According to a reliable source, I should be very concerned about the following table:
Because:
Sulfuric acid is among the most powerful and potentially harmful acids known. Get even a dilute quantity in your eyes and you will suffer serious burns and possibly loss of eyesight. Ingest it and you can sustain fatal injury to the mouth and esophagus. Sulfuric acid's potent tendency to react with other compounds is one of the reasons that it is used in industrial processes like petroleum refining. Sulfuric acid is also a component of the harsh atmosphere of Venus.Given that the amounts in the table are for 100g of protein in the food, eggs top the list followed close behind by pork! Yikes!! Battery acid for breakfast?
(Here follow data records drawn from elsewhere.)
lemma odd_split_balanced:
  fixes n :: nat
  assumes "odd n" "5 \<le> n"
  obtains p r where "odd p" "odd r" "3 \<le> p" "r \<le> p" "p \<le> r + 2" "n = p + Suc r"
proof -
  obtain j where j: "n = 2 * j + 1"
    using assms(1) oddE by blast
  show thesis
  proof (cases "odd j")
    case True
    then have "3 \<le> j"
      using j assms(2) by presburger
    with True j show thesis
      by (intro that[of j j]) auto
  next
    case False
    with j assms(2) show thesis
      by (intro that[of "j + 1" "j - 1"]) auto
  qed
qed

lemma congruence_equiv: "congruence ar A \<theta> \<Longrightarrow> equiv (carr A) \<theta>"
  by (simp add: congruence_def)

lemma congruence_refl: "congruence ar A \<theta> \<Longrightarrow> x \<in> carr A \<Longrightarrow> (x, x) \<in> \<theta>"
  by (simp add: congruence_def equiv_def refl_on_def)

lemma congruence_sym: "congruence ar A \<theta> \<Longrightarrow> (x, y) \<in> \<theta> \<Longrightarrow> (y, x) \<in> \<theta>"
  by (meson congruence_equiv equiv_def symD)

lemma congruence_trans: "congruence ar A \<theta> \<Longrightarrow> (x, y) \<in> \<theta> \<Longrightarrow> (y, z) \<in> \<theta> \<Longrightarrow> (x, z) \<in> \<theta>"
  by (meson congruence_equiv equiv_def transD)

lemma congruence_carr: "congruence ar A \<theta> \<Longrightarrow> (x, y) \<in> \<theta> \<Longrightarrow> x \<in> carr A \<and> y \<in> carr A"
  by (auto simp: congruence_def equiv_def)
lemma tendsto_poly_mult_exp_neg_at_top:
  "((\<lambda>s::real. poly p s * exp (- s)) \<longlongrightarrow> 0) at_top"
proof -
  have "poly p s * exp (- s) = (\<Sum>i\<le>degree p. coeff p i * (s ^ i / exp s))" for s
    by (simp add: poly_altdef exp_minus field_simps sum_divide_distrib)
  moreover have "((\<lambda>s. \<Sum>i\<le>degree p. coeff p i * (s ^ i / exp s)) \<longlongrightarrow> 0) at_top"
    by (intro tendsto_null_sum tendsto_mult_right_zero tendsto_power_div_exp_0)
  ultimately show ?thesis
    by simp
qed

lemma has_real_derivative_exp_flat_0: "(exp_flat P has_real_derivative 0) (at 0)"
proof -
  have "((\<lambda>y. (exp_flat P y - exp_flat P 0) / (y - 0)) \<longlongrightarrow> 0) (at (0::real))"
  proof (rule filterlim_split_at)
    show "((\<lambda>y. (exp_flat P y - exp_flat P 0) / (y - 0)) \<longlongrightarrow> 0) (at_left (0::real))"
      by (rule tendsto_eventually)
        (auto simp: eventually_at_left_field exp_flat_def intro: exI[of _ "-1"])
  next
    have "((\<lambda>s. poly (pCons 0 P) s * exp (- s)) \<longlongrightarrow> 0) at_top"
      by (rule tendsto_poly_mult_exp_neg_at_top)
    then have "((\<lambda>y. poly (pCons 0 P) (inverse y) * exp (- inverse y)) \<longlongrightarrow> 0) (at_right (0::real))"
      by (rule filterlim_compose[OF _ filterlim_inverse_at_top_right])
    moreover have "\<forall>\<^sub>F y in at_right 0.
        poly (pCons 0 P) (inverse y) * exp (- inverse y) = (exp_flat P y - exp_flat P 0) / (y - 0)"
      by (auto simp: eventually_at_right_field exp_flat_def field_simps intro: exI[of _ 1])
    ultimately show "((\<lambda>y. (exp_flat P y - exp_flat P 0) / (y - 0)) \<longlongrightarrow> 0) (at_right (0::real))"
      by (rule Lim_transform_eventually)
  qed
  then show ?thesis
    by (simp add: has_field_derivative_iff exp_flat_def)
qed

lemma has_real_derivative_exp_flat:
  "(exp_flat P has_real_derivative exp_flat (exp_flat_deriv_poly P) t) (at t)"
proof -
  consider "t > 0" | "t < 0" | "t = 0"
    by linarith
  then show ?thesis
  proof cases
    case 1
    have "((\<lambda>t. poly P (1/t) * exp (-1/t)) has_real_derivative
        poly (pderiv P) (1/t) * (- 1 / t\<^sup>2) * exp (-1/t) + poly P (1/t) * (exp (-1/t) * (1 / t\<^sup>2))) (at t)"
      using 1 by (auto intro!: derivative_eq_intros DERIV_chain2[where f="poly P"] poly_DERIV
          simp: power2_eq_square field_simps)
    moreover have "poly (pderiv P) (1/t) * (- 1 / t\<^sup>2) * exp (-1/t) + poly P (1/t) * (exp (-1/t) * (1 / t\<^sup>2))
        = exp_flat (exp_flat_deriv_poly P) t"
      using 1 by (simp add: exp_flat_def exp_flat_deriv_poly_def power2_eq_square field_simps)
    ultimately have "((\<lambda>t. poly P (1/t) * exp (-1/t)) has_real_derivative exp_flat (exp_flat_deriv_poly P) t) (at t)"
      by simp
    then show ?thesis
      by (rule has_field_derivative_transform_within_open[where S="{0<..}"])
        (use 1 in \<open>auto simp: exp_flat_def\<close>)
  next
    case 2
    have "((\<lambda>t. 0) has_real_derivative exp_flat (exp_flat_deriv_poly P) t) (at t)"
      using 2 by (simp add: exp_flat_def)
    then show ?thesis
      by (rule has_field_derivative_transform_within_open[where S="{..<0}"])
        (use 2 in \<open>auto simp: exp_flat_def\<close>)
  next
    case 3
    then show ?thesis
      using has_real_derivative_exp_flat_0 by (simp add: exp_flat_def)
  qed
qed

lemma deriv_exp_flat: "deriv (exp_flat P) = exp_flat (exp_flat_deriv_poly P)"
  using has_real_derivative_exp_flat DERIV_imp_deriv by blast
(* Let $\alpha=(S_g,\alpha_g)_{g\in\mathcal G}$ be a partial action of a connected groupoid $\mathcal G$ on a ring $S$. Let $y,z\in\mathcal G_0$ and let $\tau\in\mathcal G(y,z)$ be such that $S_{\tau^{-1}}=S_y$ and $S_{\tau}=S_z$. Then $S_g=S_{g\tau}$ for every $g\in\mathcal G$ with $s(g)=z$. In particular, if $\alpha$ is unital with $S_g=S1_g$ for central idempotents $1_g$, then $1_g=1_{g\tau}$ for every $g\in\mathcal G$ with $s(g)=z$.
   Context: A groupoid $\mathcal G$ is a small category in which every morphism is invertible; $\mathcal G_0$ denotes its set of objects, identified with the identity morphisms (so $\mathcal G_0\subseteq\mathcal G$). For $g\in\mathcal G$, $s(g)$ and $t(g)$ denote its source and target, $\mathcal G(x,y)=\{g\in\mathcal G: s(g)=x,\ t(g)=y\}$, and the product $gh$ is defined iff $s(g)=t(h)$. $\mathcal G$ is connected if $\mathcal G(x,y)\neq\emptyset$ for all $x,y\in\mathcal G_0$. Rings are associative, not necessarily unital. A partial action $\alpha=(S_g,\alpha_g)_{g\in\mathcal G}$ of $\mathcal G$ on a ring $S$ is a family such that: for each $g$, $S_{t(g)}$ is an ideal of $S$, $S_g$ is an ideal of $S_{t(g)}$, and $\alpha_g:S_{g^{-1}}\to S_g$ is a ring isomorphism; $\alpha_x=\mathrm{id}_{S_x}$ for $x\in\mathcal G_0$; and for all $g,h$ with $s(g)=t(h)$, $\alpha_h^{-1}(S_{g^{-1}}\cap S_h)\subseteq S_{(gh)^{-1}}$ and $\alpha_g(\alpha_h(a))=\alpha_{gh}(a)$ for all $a\in\alpha_h^{-1}(S_{g^{-1}}\cap S_h)$. The partial action is unital if each $S_g$ is a unital ring, i.e. $S_g=S1_g$ for a central idempotent $1_g$ of $S$. *)

theory Defs
  imports Main
begin

text \<open>A groupoid is given by its set of morphisms G, its set of objects G0 (identified
with identity morphisms, G0 \<subseteq> G), source s, target t, a composition mult
(mult g h = gh, meaningful iff s g = t h) and inversion iv.\<close>

definition groupoid ::
  "'g set \<Rightarrow> 'g set \<Rightarrow> ('g \<Rightarrow> 'g) \<Rightarrow> ('g \<Rightarrow> 'g) \<Rightarrow> ('g \<Rightarrow> 'g \<Rightarrow> 'g) \<Rightarrow> ('g \<Rightarrow> 'g) \<Rightarrow> bool" where
  "groupoid G G0 s t mult iv \<longleftrightarrow>
     G0 \<subseteq> G \<and>
     (\<forall>g\<in>G. s g \<in> G0 \<and> t g \<in> G0) \<and>
     (\<forall>x\<in>G0. s x = x \<and> t x = x) \<and>
     (\<forall>g\<in>G. \<forall>h\<in>G. s g = t h \<longrightarrow>
        mult g h \<in> G \<and> s (mult g h) = s h \<and> t (mult g h) = t g) \<and>
     (\<forall>f\<in>G. \<forall>g\<in>G. \<forall>h\<in>G. s f = t g \<and> s g = t h \<longrightarrow>
        mult (mult f g) h = mult f (mult g h)) \<and>
     (\<forall>g\<in>G. mult g (s g) = g \<and> mult (t g) g = g) \<and>
     (\<forall>g\<in>G. iv g \<in> G \<and> s (iv g) = t g \<and> t (iv g) = s g \<and>
        mult g (iv g) = t g \<and> mult (iv g) g = s g)"

definition connected_groupoid ::
  "'g set \<Rightarrow> 'g set \<Rightarrow> ('g \<Rightarrow> 'g) \<Rightarrow> ('g \<Rightarrow> 'g) \<Rightarrow> bool" where
  "connected_groupoid G G0 s t \<longleftrightarrow> (\<forall>x\<in>G0. \<forall>y\<in>G0. \<exists>g\<in>G. s g = x \<and> t g = y)"

definition ideal_of :: "'r::ring set \<Rightarrow> 'r set \<Rightarrow> bool" where
  "ideal_of I R \<longleftrightarrow> I \<subseteq> R \<and> 0 \<in> I \<and> (\<forall>a\<in>I. \<forall>b\<in>I. a - b \<in> I) \<and>
     (\<forall>r\<in>R. \<forall>a\<in>I. r * a \<in> I \<and> a * r \<in> I)"

definition ring_iso_on :: "('r::ring \<Rightarrow> 'r) \<Rightarrow> 'r set \<Rightarrow> 'r set \<Rightarrow> bool" where
  "ring_iso_on f A B \<longleftrightarrow> bij_betw f A B \<and>
     (\<forall>a\<in>A. \<forall>b\<in>A. f (a + b) = f a + f b \<and> f (a * b) = f a * f b)"

definition partial_action ::
  "'g set \<Rightarrow> 'g set \<Rightarrow> ('g \<Rightarrow> 'g) \<Rightarrow> ('g \<Rightarrow> 'g) \<Rightarrow> ('g \<Rightarrow> 'g \<Rightarrow> 'g) \<Rightarrow> ('g \<Rightarrow> 'g)
    \<Rightarrow> ('g \<Rightarrow> 'r::ring set) \<Rightarrow> ('g \<Rightarrow> 'r \<Rightarrow> 'r) \<Rightarrow> bool" where
  "partial_action G G0 s t mult iv Sd act \<longleftrightarrow>
     (\<forall>g\<in>G. ideal_of (Sd (t g)) UNIV \<and> ideal_of (Sd g) (Sd (t g)) \<and>
        ring_iso_on (act g) (Sd (iv g)) (Sd g)) \<and>
     (\<forall>x\<in>G0. \<forall>a\<in>Sd x. act x a = a) \<and>
     (\<forall>g\<in>G. \<forall>h\<in>G. s g = t h \<longrightarrow>
        (\<forall>a\<in>Sd (iv h). act h a \<in> Sd (iv g) \<inter> Sd h \<longrightarrow>
           a \<in> Sd (iv (mult g h)) \<and> act g (act h a) = act (mult g h) a))"

definition unital_with ::
  "'g set \<Rightarrow> ('g \<Rightarrow> 'r::ring set) \<Rightarrow> ('g \<Rightarrow> 'r) \<Rightarrow> bool" where
  "unital_with G Sd one \<longleftrightarrow>
     (\<forall>g\<in>G. one g * one g = one g \<and> (\<forall>a. one g * a = a * one g) \<and>
        Sd g = {a * one g | a. True})"

end

theory Submission
  imports Defs
begin

text \<open>If \<open>s g = t h\<close> and \<open>S h = S (t h)\<close>, then \<open>S g \<subseteq> S (g h)\<close>: an element
  \<open>b = \<alpha>\<^sub>g a'\<close> of \<open>S g\<close> has \<open>a' \<in> S (s g) = S h\<close>, so \<open>a' = \<alpha>\<^sub>h a\<close>, and the
  composition axiom gives \<open>b = \<alpha>\<^sub>g\<^sub>h a \<in> S (g h)\<close>. Both \<open>\<tau>\<close> and \<open>\<tau>\<^sup>-\<^sup>1\<close> satisfy the
  hypothesis on \<open>h\<close>, whence \<open>S g \<subseteq> S (g \<tau>) \<subseteq> S (g \<tau> \<tau>\<^sup>-\<^sup>1) = S g\<close>. In the unital case, two central idempotents generating the same ideal are equal.\<close>

locale is_groupoid =
  fixes G G0 :: "'g set" and s t iv :: "'g \<Rightarrow> 'g" and mult :: "'g \<Rightarrow> 'g \<Rightarrow> 'g"
  assumes groupoid: "groupoid G G0 s t mult iv"
begin

lemma mult_closed:
  assumes "g \<in> G" "h \<in> G" "s g = t h"
  shows "mult g h \<in> G" "s (mult g h) = s h" "t (mult g h) = t g"
  using groupoid assms unfolding groupoid_def by blast+

lemma iv_closed:
  assumes "g \<in> G"
  shows "iv g \<in> G" "s (iv g) = t g" "t (iv g) = s g"
  using groupoid assms unfolding groupoid_def by blast+

lemma mult_assoc:
  assumes "f \<in> G" "g \<in> G" "h \<in> G" "s f = t g" "s g = t h"
  shows "mult (mult f g) h = mult f (mult g h)"
  using groupoid assms unfolding groupoid_def by blast

lemma mult_source:
  assumes "g \<in> G"
  shows "mult g (s g) = g"
  using groupoid assms unfolding groupoid_def by blast

lemma mult_iv:
  assumes "g \<in> G"
  shows "mult g (iv g) = t g"
  using groupoid assms unfolding groupoid_def by blast

lemma mult_mult_iv:
  assumes "g \<in> G" "h \<in> G" "s g = t h"
  shows "mult (mult g h) (iv h) = g"
proof -
  have "mult (mult g h) (iv h) = mult g (mult h (iv h))"
    using mult_assoc[OF assms(1,2) iv_closed(1)[OF assms(2)] assms(3)] iv_closed(3)[OF assms(2)]
    by simp
  also have "\<dots> = g"
    using mult_iv[OF assms(2)] mult_source[OF assms(1)] assms(3) by simp
  finally show ?thesis .
qed

end

locale groupoid_partial_action = is_groupoid G G0 s t iv mult
  for G G0 :: "'g set" and s t iv :: "'g \<Rightarrow> 'g" and mult :: "'g \<Rightarrow> 'g \<Rightarrow> 'g" +
  fixes Sd :: "'g \<Rightarrow> 'r::ring set" and act :: "'g \<Rightarrow> 'r \<Rightarrow> 'r"
  assumes partial_action: "partial_action G G0 s t mult iv Sd act"
begin

lemma Sd_subset_Sd_target:
  assumes "g \<in> G"
  shows "Sd g \<subseteq> Sd (t g)"
  using partial_action assms unfolding partial_action_def ideal_of_def by blast

lemma act_image:
  assumes "g \<in> G"
  shows "act g ` Sd (iv g) = Sd g"
  using partial_action assms unfolding partial_action_def ring_iso_on_def bij_betw_def by blast

lemma act_mult:
  assumes "g \<in> G" "h \<in> G" "s g = t h" "a \<in> Sd (iv h)" "act h a \<in> Sd (iv g)"
  shows "a \<in> Sd (iv (mult g h))" "act g (act h a) = act (mult g h) a"
proof -
  have "act h a \<in> Sd h"
    using act_image[OF assms(2)] assms(4) by blast
  with partial_action assms show "a \<in> Sd (iv (mult g h))" "act g (act h a) = act (mult g h) a"
    unfolding partial_action_def by blast+
qed

lemma Sd_subset_Sd_mult:
  assumes g: "g \<in> G" and h: "h \<in> G" "s g = t h" "Sd h = Sd (t h)"
  shows "Sd g \<subseteq> Sd (mult g h)"
proof
  fix b assume "b \<in> Sd g"
  then obtain a' where a': "a' \<in> Sd (iv g)" "b = act g a'"
    using act_image[OF g] by blast
  have "a' \<in> Sd h"
    using a'(1) Sd_subset_Sd_target[OF iv_closed(1)[OF g]] iv_closed[OF g] h by auto
  then obtain a where a: "a \<in> Sd (iv h)" "a' = act h a"
    using act_image[OF h(1)] by blast
  have "b = act (mult g h) a"
    using act_mult[OF g h(1,2) a(1)] a a' by simp
  moreover have "a \<in> Sd (iv (mult g h))"
    using act_mult[OF g h(1,2) a(1)] a a' by simp
  ultimately show "b \<in> Sd (mult g h)"
    using act_image[OF mult_closed(1)[OF g h(1,2)]] by (metis rev_image_eqI)
qed

lemma Sd_eq_Sd_mult:
  assumes g: "g \<in> G" and h: "h \<in> G" "s g = t h"
    and full: "Sd h = Sd (t h)" "Sd (iv h) = Sd (s h)"
  shows "Sd g = Sd (mult g h)"
proof
  show "Sd g \<subseteq> Sd (mult g h)"
    using Sd_subset_Sd_mult[OF g h full(1)] .
  have "Sd (mult g h) \<subseteq> Sd (mult (mult g h) (iv h))"
    using Sd_subset_Sd_mult[OF mult_closed(1)[OF g h] iv_closed(1)[OF h(1)]]
      mult_closed(2)[OF g h] iv_closed[OF h(1)] full(2) by simp
  then show "Sd (mult g h) \<subseteq> Sd g"
    using mult_mult_iv[OF g h] by simp
qed

end

lemma central_idempotent_eq:
  fixes e f :: "'a::semigroup_mult"
  assumes idem: "e * e = e" "f * f = f" and central: "\<And>a. e * a = a * e"
    and ideal_eq: "{a * e | a. True} = {a * f | a. True}"
  shows "e = f"
proof -
  have absorb: "x * y = x" if x: "x \<in> {a * y | a. True}" and y: "y * y = y" for x y :: 'a
  proof -
    obtain a where "x = a * y" using x by blast
    then show ?thesis using y by (simp add: mult.assoc)
  qed
  have generator: "x \<in> {a * x | a. True}" if "x * x = x" for x :: 'a
    using that by (metis (mono_tags, lifting) mem_Collect_eq)
  have e_in: "e \<in> {a * f | a. True}"
    using generator[OF idem(1)] by (simp only: ideal_eq)
  have f_in: "f \<in> {a * e | a. True}"
    using generator[OF idem(2)] by (simp only: ideal_eq)
  have "e = e * f"
    using absorb[OF e_in idem(2)] ..
  also have "\<dots> = f * e"
    by (rule central)
  also have "\<dots> = f"
    using absorb[OF f_in idem(1)] .
  finally show ?thesis .
qed

lemma unital_withD:
  assumes "unital_with G Sd one" "g \<in> G"
  shows "one g * one g = one g" "one g * a = a * one g" "Sd g = {a * one g | a. True}"
  using assms unfolding unital_with_def by blast+

lemma unital_one_eq_if_Sd_eq:
  assumes unital: "unital_with G Sd one" and "g \<in> G" "h \<in> G" "Sd g = Sd h"
  shows "one g = one h"
proof (rule central_idempotent_eq)
  show "one g * one g = one g" "one h * one h = one h" "\<And>a. one g * a = a * one g"
    using unital_withD[OF unital] assms(2,3) by blast+
  show "{a * one g | a. True} = {a * one h | a. True}"
    unfolding unital_withD(3)[OF unital assms(2), symmetric] unital_withD(3)[OF unital assms(3), symmetric]
    by (rule assms(4))
qed

theorem proposition2p6:
  fixes G G0 :: "'g set" and s t iv :: "'g \<Rightarrow> 'g" and mult :: "'g \<Rightarrow> 'g \<Rightarrow> 'g"
    and Sd :: "'g \<Rightarrow> 'r::ring set" and act :: "'g \<Rightarrow> 'r \<Rightarrow> 'r"
    and y z \<tau> :: 'g
  assumes "groupoid G G0 s t mult iv"
    and "connected_groupoid G G0 s t"
    and "partial_action G G0 s t mult iv Sd act"
    and "y \<in> G0" and "z \<in> G0"
    and "\<tau> \<in> G" and "s \<tau> = y" and "t \<tau> = z"
    and "Sd (iv \<tau>) = Sd y" and "Sd \<tau> = Sd z"
  shows "(\<forall>g\<in>G. s g = z \<longrightarrow> Sd g = Sd (mult g \<tau>)) \<and>
         (\<forall>one. unital_with G Sd one \<longrightarrow>
            (\<forall>g\<in>G. s g = z \<longrightarrow> one g = one (mult g \<tau>)))"
proof -
  interpret groupoid_partial_action G G0 s t iv mult Sd act
    using assms(1,3) by unfold_locales
  have Sd_eq: "Sd g = Sd (mult g \<tau>)" if "g \<in> G" "s g = z" for g
    using Sd_eq_Sd_mult[OF that(1) assms(6)] that assms(7-10) by simp
  moreover have "one g = one (mult g \<tau>)"
    if "unital_with G Sd one" "g \<in> G" "s g = z" for one g
    using unital_one_eq_if_Sd_eq[OF that(1,2) mult_closed(1)[OF that(2) assms(6)] Sd_eq[OF that(2,3)]]
      that(3) assms(8) by simp
  ultimately show ?thesis by blast
qed

end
OK, yeah, I'm picking on Dr. Heart Scan Davis again for his latest offering: Battery acid and oatmeal . Sure is funny what you'll come up with when seeking to demonize a single food! To the good doc,
Know what food is the most potent source of sulfuric acid in the body? Oats.
Yes: Oatmeal, oat bran, and foods made from oats (you know what breakfast cereal I'm talking about) are the most potent sources of sulfuric acid in the human diet.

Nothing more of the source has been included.